**Problem details:** Among the lines below, restate word for word only those from the line with "(\<forall>g. sq_int g \<longrightarrow> (\<exists>f\<in>D." through the line with "L \<longleftrightarrow> (\<forall>z.", with both end lines kept.

**Supplied entries:**
(* Let $\mathcal{L}$ be an unbounded graphon shift operator. Then there exists a sequence of weighted graphs $(G_n)_n$ with GSOs $(\mathbf{\Delta}_n)_n$ such that $G_n\xrightarrow[n\to\infty]{U}\mathcal{L}$.
   Context: A graph with GSO is $G=(V,E,\mathbf{\Delta})$, $V=\{1,\dots,N\}$, $\mathbf{\Delta}\in\mathbb{R}^{N\times N}$ symmetric; its GWM is $\boldsymbol{A}=N\mathbf{\Delta}$. For a permutation $\pi$ of $\{1,\dots,N\}$, $\pi(\boldsymbol{A})=(\boldsymbol{A}_{\pi(i)\pi(j)})_{i,j}$. With $P_k=[(k-1)/N,k/N)$, the induced graphon is $W_{\boldsymbol{A}}(u,v)=\sum_{i,j}\boldsymbol{A}_{ij}\chi_{P_i}(u)\chi_{P_j}(v)$. A graphon is a bounded symmetric measurable $W:[0,1]^2\to\mathbb{R}$ and $T_W\psi(v)=\int_0^1W(v,u)\psi(u)du$ on $L^2[0,1]$. Let $\mathcal{L}$ be a self-adjoint operator defined on a dense subspace of $L^2[0,1]$ whose spectrum consists only of eigenvalues $\lambda_j$, with eigenspaces $W_j$ and orthogonal projections $P_j$ onto them. For $\lambda>0$ the spectral projection is $P_{\mathcal{L}}(\lambda)=\sum_{|\lambda_j|\le\lambda}P_j$ (projection onto the Paley–Wiener space $\bigoplus\{W_j:|\lambda_j|\le\lambda\}$). $\mathcal{L}$ is an unbounded graphon shift operator if for every $\lambda>0$ there is a graphon $W^\lambda$ with $\mathcal{L}P_{\mathcal{L}}(\lambda)=T_{W^\lambda}$. A sequence of graphs $(G_n)_n$ with GWMs $(\boldsymbol{A}_n)_n$ converges to $\mathcal{L}$, written $G_n\xrightarrow{U}\mathcal{L}$, if there exist permutations $\pi_n$ of the node sets such that for every $\lambda$, $\|P_{\mathcal{L}}(\lambda)T_{W_{\pi_n(\boldsymbol{A}_n)}}P_{\mathcal{L}}(\lambda)-\mathcal{L}P_{\mathcal{L}}(\lambda)\|_{L^2[0,1]\to L^2[0,1]}\to 0$. *)

theory Defs
  imports "HOL-Analysis.Analysis" "HOL-Combinatorics.Permutations"
begin

definition sq_int :: "(real \<Rightarrow> real) \<Rightarrow> bool" where
  "sq_int f \<longleftrightarrow> f \<in> borel_measurable (lebesgue_on {0..1}) \<and>
                  integrable (lebesgue_on {0..1}) (\<lambda>x. (f x)\<^sup>2)"

definition l2_inner :: "(real \<Rightarrow> real) \<Rightarrow> (real \<Rightarrow> real) \<Rightarrow> real" where
  "l2_inner f g = (LINT x | lebesgue_on {0..1}. f x * g x)"

definition l2_norm :: "(real \<Rightarrow> real) \<Rightarrow> real" where
  "l2_norm f = sqrt (l2_inner f f)"

text \<open>Equality as elements of L^2[0,1] (almost everywhere on [0,1]).\<close>
definition ae_eq :: "(real \<Rightarrow> real) \<Rightarrow> (real \<Rightarrow> real) \<Rightarrow> bool" where
  "ae_eq f g \<longleftrightarrow> (AE x in lebesgue_on {0..1}. f x = g x)"

definition lin_span :: "(real \<Rightarrow> real) set \<Rightarrow> (real \<Rightarrow> real) set" where
  "lin_span U = {(\<lambda>x. \<Sum>i<k. c i * g i x) | (k::nat) c g. \<forall>i<k. g i \<in> U}"

definition l2_closure :: "(real \<Rightarrow> real) set \<Rightarrow> (real \<Rightarrow> real) set" where
  "l2_closure U = {f. sq_int f \<and> (\<forall>e>0. \<exists>g\<in>U. l2_norm (\<lambda>x. f x - g x) < e)}"

text \<open>An operator is given by its domain D (a subspace of L^2[0,1]) and its action L on D.\<close>
definition self_adjoint_op :: "(real \<Rightarrow> real) set \<Rightarrow> ((real \<Rightarrow> real) \<Rightarrow> (real \<Rightarrow> real)) \<Rightarrow> bool" where
  "self_adjoint_op D L \<longleftrightarrow>
     D \<subseteq> {f. sq_int f} \<and>
     (\<forall>f\<in>D. sq_int (L f)) \<and>
     (\<forall>f\<in>D. \<forall>g\<in>D. \<forall>a b::real. (\<lambda>x. a * f x + b * g x) \<in> D \<and>
          ae_eq (L (\<lambda>x. a * f x + b * g x)) (\<lambda>x. a * L f x + b * L g x)) \<and>
     (\<forall>f. sq_int f \<longrightarrow> (\<forall>e>0. \<exists>g\<in>D. l2_norm (\<lambda>x. f x - g x) < e)) \<and>
     (\<forall>f\<in>D. \<forall>g\<in>D. l2_inner (L f) g = l2_inner f (L g)) \<and>
     (\<forall>g. sq_int g \<longrightarrow>
          ((\<exists>h. sq_int h \<and> (\<forall>f\<in>D. l2_inner (L f) g = l2_inner f h)) \<longleftrightarrow> g \<in> D))"

definition eigenspace_op :: "(real \<Rightarrow> real) set \<Rightarrow> ((real \<Rightarrow> real) \<Rightarrow> (real \<Rightarrow> real)) \<Rightarrow> real \<Rightarrow> (real \<Rightarrow> real) set" where
  "eigenspace_op D L \<mu> = {f\<in>D. ae_eq (L f) (\<lambda>x. \<mu> * f x)}"

definition is_eigenvalue :: "(real \<Rightarrow> real) set \<Rightarrow> ((real \<Rightarrow> real) \<Rightarrow> (real \<Rightarrow> real)) \<Rightarrow> real \<Rightarrow> bool" where
  "is_eigenvalue D L \<mu> \<longleftrightarrow> (\<exists>f\<in>eigenspace_op D L \<mu>. l2_norm f \<noteq> 0)"

definition in_resolvent :: "(real \<Rightarrow> real) set \<Rightarrow> ((real \<Rightarrow> real) \<Rightarrow> (real \<Rightarrow> real)) \<Rightarrow> real \<Rightarrow> bool" where
  "in_resolvent D L z \<longleftrightarrow>
     (\<forall>g. sq_int g \<longrightarrow> (\<exists>f\<in>D. ae_eq (\<lambda>x. L f x - z * f x) g)) \<and>
     (\<exists>C. \<forall>f\<in>D. l2_norm f \<le> C * l2_norm (\<lambda>x. L f x - z * f x))"

definition spectrum_only_eigenvalues :: "(real \<Rightarrow> real) set \<Rightarrow> ((real \<Rightarrow> real) \<Rightarrow> (real \<Rightarrow> real)) \<Rightarrow> bool" where
  "spectrum_only_eigenvalues D L \<longleftrightarrow> (\<forall>z. \<not> in_resolvent D L z \<longrightarrow> is_eigenvalue D L z)"

definition PW_space :: "(real \<Rightarrow> real) set \<Rightarrow> ((real \<Rightarrow> real) \<Rightarrow> (real \<Rightarrow> real)) \<Rightarrow> real \<Rightarrow> (real \<Rightarrow> real) set" where
  "PW_space D L lam = l2_closure (lin_span (\<Union>{eigenspace_op D L \<mu> | \<mu>. \<bar>\<mu>\<bar> \<le> lam}))"

definition spec_proj :: "(real \<Rightarrow> real) set \<Rightarrow> ((real \<Rightarrow> real) \<Rightarrow> (real \<Rightarrow> real)) \<Rightarrow> real \<Rightarrow> (real \<Rightarrow> real) \<Rightarrow> (real \<Rightarrow> real)" where
  "spec_proj D L lam f = (SOME p. p \<in> PW_space D L lam \<and>
        (\<forall>v\<in>PW_space D L lam. l2_inner (\<lambda>x. f x - p x) v = 0))"

definition graphon :: "(real \<Rightarrow> real \<Rightarrow> real) \<Rightarrow> bool" where
  "graphon W \<longleftrightarrow>
     (\<lambda>(u,v). W u v) \<in> borel_measurable (lebesgue_on ({0..1} \<times> {0..1})) \<and>
     (\<exists>B. \<forall>u\<in>{0..1}. \<forall>v\<in>{0..1}. \<bar>W u v\<bar> \<le> B) \<and>
     (\<forall>u\<in>{0..1}. \<forall>v\<in>{0..1}. W u v = W v u)"

definition T_op :: "(real \<Rightarrow> real \<Rightarrow> real) \<Rightarrow> (real \<Rightarrow> real) \<Rightarrow> (real \<Rightarrow> real)" where
  "T_op W \<psi> = (\<lambda>v. LINT u | lebesgue_on {0..1}. W v u * \<psi> u)"

definition unbounded_GSO :: "(real \<Rightarrow> real) set \<Rightarrow> ((real \<Rightarrow> real) \<Rightarrow> (real \<Rightarrow> real)) \<Rightarrow> bool" where
  "unbounded_GSO D L \<longleftrightarrow>
     self_adjoint_op D L \<and> spectrum_only_eigenvalues D L \<and>
     (\<forall>lam>0. \<exists>W. graphon W \<and>
        (\<forall>f. sq_int f \<longrightarrow> spec_proj D L lam f \<in> D \<and>
                           ae_eq (L (spec_proj D L lam f)) (T_op W f)))"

**Result:**
     (\<forall>g. sq_int g \<longrightarrow> (\<exists>f\<in>D. ae_eq (\<lambda>x. L f x - z * f x) g)) \<and>
     (\<exists>C. \<forall>f\<in>D. l2_norm f \<le> C * l2_norm (\<lambda>x. L f x - z * f x))"

definition spectrum_only_eigenvalues :: "(real \<Rightarrow> real) set \<Rightarrow> ((real \<Rightarrow> real) \<Rightarrow> (real \<Rightarrow> real)) \<Rightarrow> bool" where
  "spectrum_only_eigenvalues D L \<longleftrightarrow> (\<forall>z. \<not> in_resolvent D L z \<longrightarrow> is_eigenvalue D L z)"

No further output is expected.